§ **Task instructions**
Which lines have the string "where"? Copy all of them from the entries below.

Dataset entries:

******

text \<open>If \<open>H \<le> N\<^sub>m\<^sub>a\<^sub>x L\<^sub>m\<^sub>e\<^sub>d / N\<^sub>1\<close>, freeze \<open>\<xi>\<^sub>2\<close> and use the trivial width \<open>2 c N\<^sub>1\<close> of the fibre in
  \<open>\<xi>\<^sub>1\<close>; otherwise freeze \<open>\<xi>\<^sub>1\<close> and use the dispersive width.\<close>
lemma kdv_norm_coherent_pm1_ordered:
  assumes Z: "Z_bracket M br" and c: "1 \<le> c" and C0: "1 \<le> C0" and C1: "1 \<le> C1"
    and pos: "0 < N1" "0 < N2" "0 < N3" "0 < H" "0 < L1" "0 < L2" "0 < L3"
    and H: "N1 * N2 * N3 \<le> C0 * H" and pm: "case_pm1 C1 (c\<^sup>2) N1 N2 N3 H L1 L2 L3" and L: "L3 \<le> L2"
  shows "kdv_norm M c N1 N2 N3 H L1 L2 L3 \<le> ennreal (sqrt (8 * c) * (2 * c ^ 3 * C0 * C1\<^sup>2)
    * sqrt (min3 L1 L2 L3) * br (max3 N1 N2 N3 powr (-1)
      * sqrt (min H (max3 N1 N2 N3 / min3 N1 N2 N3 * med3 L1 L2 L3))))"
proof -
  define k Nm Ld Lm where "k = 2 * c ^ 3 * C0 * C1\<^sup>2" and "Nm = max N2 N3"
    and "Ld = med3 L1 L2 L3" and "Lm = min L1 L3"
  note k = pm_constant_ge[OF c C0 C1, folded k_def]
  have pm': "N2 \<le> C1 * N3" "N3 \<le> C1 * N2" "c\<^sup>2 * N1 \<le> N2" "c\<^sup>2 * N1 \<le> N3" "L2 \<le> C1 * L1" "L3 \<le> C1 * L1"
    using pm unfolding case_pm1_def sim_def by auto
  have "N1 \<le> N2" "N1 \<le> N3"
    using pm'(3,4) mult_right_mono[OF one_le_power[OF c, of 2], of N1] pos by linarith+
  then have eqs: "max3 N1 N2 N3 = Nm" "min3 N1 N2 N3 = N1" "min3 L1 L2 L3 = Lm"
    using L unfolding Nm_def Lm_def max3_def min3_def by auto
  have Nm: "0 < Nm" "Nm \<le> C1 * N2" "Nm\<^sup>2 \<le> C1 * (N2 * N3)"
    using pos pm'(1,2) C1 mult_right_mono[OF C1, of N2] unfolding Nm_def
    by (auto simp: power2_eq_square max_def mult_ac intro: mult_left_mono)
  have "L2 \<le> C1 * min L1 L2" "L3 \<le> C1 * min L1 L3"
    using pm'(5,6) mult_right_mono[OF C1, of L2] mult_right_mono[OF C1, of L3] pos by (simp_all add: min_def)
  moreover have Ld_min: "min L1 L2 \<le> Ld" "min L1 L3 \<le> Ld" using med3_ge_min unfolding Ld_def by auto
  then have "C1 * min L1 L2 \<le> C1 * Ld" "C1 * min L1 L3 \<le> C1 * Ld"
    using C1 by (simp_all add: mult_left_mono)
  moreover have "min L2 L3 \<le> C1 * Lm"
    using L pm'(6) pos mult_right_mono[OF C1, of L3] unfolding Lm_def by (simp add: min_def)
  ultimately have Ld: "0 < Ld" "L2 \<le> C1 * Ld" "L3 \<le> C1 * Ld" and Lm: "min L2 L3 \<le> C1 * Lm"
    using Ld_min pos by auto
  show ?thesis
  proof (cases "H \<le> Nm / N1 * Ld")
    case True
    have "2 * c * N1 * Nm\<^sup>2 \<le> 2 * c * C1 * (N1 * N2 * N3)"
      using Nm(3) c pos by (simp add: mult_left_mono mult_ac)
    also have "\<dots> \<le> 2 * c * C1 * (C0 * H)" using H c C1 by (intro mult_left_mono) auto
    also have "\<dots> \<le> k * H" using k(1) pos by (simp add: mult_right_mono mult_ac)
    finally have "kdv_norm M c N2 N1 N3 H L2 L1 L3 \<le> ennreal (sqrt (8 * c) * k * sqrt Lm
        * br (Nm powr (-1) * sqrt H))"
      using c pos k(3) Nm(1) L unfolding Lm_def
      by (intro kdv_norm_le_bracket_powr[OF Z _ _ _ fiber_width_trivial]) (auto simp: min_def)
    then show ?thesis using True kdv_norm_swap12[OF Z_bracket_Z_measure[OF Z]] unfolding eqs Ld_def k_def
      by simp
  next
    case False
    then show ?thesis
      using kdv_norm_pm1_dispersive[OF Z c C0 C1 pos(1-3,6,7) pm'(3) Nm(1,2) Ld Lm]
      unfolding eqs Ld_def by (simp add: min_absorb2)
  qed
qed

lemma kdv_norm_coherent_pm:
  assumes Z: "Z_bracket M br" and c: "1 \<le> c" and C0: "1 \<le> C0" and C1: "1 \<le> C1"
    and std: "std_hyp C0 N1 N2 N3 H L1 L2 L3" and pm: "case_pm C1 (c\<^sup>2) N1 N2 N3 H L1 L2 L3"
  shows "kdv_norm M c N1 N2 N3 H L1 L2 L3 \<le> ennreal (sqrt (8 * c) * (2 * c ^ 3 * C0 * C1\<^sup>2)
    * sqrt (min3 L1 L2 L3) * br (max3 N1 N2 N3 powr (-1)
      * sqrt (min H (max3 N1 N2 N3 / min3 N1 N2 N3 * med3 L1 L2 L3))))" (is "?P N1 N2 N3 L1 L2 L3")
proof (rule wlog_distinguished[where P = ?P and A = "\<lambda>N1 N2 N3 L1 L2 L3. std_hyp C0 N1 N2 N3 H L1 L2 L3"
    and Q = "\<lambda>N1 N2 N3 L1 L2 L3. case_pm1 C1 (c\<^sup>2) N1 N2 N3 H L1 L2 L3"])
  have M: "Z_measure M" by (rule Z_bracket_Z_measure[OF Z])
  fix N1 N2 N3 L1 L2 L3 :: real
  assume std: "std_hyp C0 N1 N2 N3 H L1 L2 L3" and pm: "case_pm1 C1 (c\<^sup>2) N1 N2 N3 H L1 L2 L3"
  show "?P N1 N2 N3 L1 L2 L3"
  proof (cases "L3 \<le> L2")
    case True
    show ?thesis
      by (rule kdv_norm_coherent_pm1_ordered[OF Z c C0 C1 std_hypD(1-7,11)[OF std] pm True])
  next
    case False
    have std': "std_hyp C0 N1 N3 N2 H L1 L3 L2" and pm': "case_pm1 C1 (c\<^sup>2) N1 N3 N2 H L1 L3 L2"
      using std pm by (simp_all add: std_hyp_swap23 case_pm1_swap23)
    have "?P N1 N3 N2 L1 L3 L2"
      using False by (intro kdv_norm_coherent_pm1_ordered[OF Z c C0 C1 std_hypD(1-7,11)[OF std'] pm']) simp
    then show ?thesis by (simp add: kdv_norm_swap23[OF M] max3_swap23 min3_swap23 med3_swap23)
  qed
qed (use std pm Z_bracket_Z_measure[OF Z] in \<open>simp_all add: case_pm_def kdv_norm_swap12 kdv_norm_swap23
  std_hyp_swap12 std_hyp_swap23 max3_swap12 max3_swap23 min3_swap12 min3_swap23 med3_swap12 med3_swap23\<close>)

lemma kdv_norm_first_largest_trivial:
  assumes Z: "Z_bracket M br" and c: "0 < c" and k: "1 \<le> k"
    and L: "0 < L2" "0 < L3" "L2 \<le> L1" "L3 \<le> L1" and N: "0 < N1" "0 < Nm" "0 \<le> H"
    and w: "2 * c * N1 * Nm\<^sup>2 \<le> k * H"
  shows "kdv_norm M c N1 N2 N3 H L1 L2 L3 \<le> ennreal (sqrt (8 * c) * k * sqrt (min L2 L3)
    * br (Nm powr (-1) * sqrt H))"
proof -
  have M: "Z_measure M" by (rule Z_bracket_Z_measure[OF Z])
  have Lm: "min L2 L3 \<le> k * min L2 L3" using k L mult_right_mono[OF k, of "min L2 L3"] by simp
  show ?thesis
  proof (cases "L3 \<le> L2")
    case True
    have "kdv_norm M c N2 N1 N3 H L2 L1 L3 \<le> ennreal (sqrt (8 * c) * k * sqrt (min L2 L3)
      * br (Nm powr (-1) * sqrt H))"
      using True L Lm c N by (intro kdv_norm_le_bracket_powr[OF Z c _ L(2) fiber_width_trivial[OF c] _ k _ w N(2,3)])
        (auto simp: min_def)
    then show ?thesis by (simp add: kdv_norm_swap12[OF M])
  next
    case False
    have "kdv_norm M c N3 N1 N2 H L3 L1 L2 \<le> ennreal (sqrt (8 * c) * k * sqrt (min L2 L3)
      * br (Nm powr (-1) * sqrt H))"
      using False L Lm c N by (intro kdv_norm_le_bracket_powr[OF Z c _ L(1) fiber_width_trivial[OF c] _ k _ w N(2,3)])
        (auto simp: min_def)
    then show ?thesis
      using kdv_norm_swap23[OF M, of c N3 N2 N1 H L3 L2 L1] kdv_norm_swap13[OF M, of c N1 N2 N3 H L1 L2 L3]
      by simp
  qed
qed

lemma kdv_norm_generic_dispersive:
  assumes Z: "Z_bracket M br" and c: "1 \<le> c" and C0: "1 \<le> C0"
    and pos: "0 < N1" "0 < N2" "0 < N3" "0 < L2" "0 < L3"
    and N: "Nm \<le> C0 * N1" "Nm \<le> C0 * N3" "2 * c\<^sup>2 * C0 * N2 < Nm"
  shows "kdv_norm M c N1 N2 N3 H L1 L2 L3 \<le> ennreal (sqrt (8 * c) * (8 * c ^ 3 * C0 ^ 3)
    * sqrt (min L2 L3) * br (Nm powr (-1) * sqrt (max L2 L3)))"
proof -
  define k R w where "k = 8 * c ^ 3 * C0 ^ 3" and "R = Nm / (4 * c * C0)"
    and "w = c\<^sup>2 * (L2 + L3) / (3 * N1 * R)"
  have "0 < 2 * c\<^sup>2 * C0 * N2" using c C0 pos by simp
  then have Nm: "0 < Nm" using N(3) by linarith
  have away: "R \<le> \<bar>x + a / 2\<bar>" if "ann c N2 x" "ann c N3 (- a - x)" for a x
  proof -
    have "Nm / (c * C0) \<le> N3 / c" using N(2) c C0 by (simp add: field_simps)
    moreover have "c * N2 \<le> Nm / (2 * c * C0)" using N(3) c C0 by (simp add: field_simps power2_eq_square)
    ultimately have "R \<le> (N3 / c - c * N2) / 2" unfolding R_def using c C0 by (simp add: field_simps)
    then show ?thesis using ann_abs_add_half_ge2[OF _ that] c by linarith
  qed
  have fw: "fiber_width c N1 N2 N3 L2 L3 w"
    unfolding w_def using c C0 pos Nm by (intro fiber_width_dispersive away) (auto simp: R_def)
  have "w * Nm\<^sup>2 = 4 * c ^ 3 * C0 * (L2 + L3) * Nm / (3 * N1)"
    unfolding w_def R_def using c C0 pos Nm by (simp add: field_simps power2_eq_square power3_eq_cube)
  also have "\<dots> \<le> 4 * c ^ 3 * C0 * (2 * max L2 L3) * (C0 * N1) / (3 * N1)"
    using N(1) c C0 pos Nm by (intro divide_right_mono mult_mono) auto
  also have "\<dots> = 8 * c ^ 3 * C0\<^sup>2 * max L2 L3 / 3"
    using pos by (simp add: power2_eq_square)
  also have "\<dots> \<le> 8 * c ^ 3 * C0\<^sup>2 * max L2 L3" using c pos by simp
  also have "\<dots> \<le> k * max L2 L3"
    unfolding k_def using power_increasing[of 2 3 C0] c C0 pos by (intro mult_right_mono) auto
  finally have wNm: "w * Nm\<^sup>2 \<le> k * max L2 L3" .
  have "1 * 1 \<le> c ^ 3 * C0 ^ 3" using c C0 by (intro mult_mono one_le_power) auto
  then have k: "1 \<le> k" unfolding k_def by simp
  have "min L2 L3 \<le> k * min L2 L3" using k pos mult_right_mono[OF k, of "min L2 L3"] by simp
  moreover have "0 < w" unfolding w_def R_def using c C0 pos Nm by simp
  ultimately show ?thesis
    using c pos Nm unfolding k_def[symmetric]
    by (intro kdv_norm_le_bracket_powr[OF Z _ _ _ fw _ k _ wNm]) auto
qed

******

§ **Written answer**
  define k Nm Ld Lm where "k = 2 * c ^ 3 * C0 * C1\<^sup>2" and "Nm = max N2 N3"
proof (rule wlog_distinguished[where P = ?P and A = "\<lambda>N1 N2 N3 L1 L2 L3. std_hyp C0 N1 N2 N3 H L1 L2 L3"
  define k R w where "k = 8 * c ^ 3 * C0 ^ 3" and "R = Nm / (4 * c * C0)"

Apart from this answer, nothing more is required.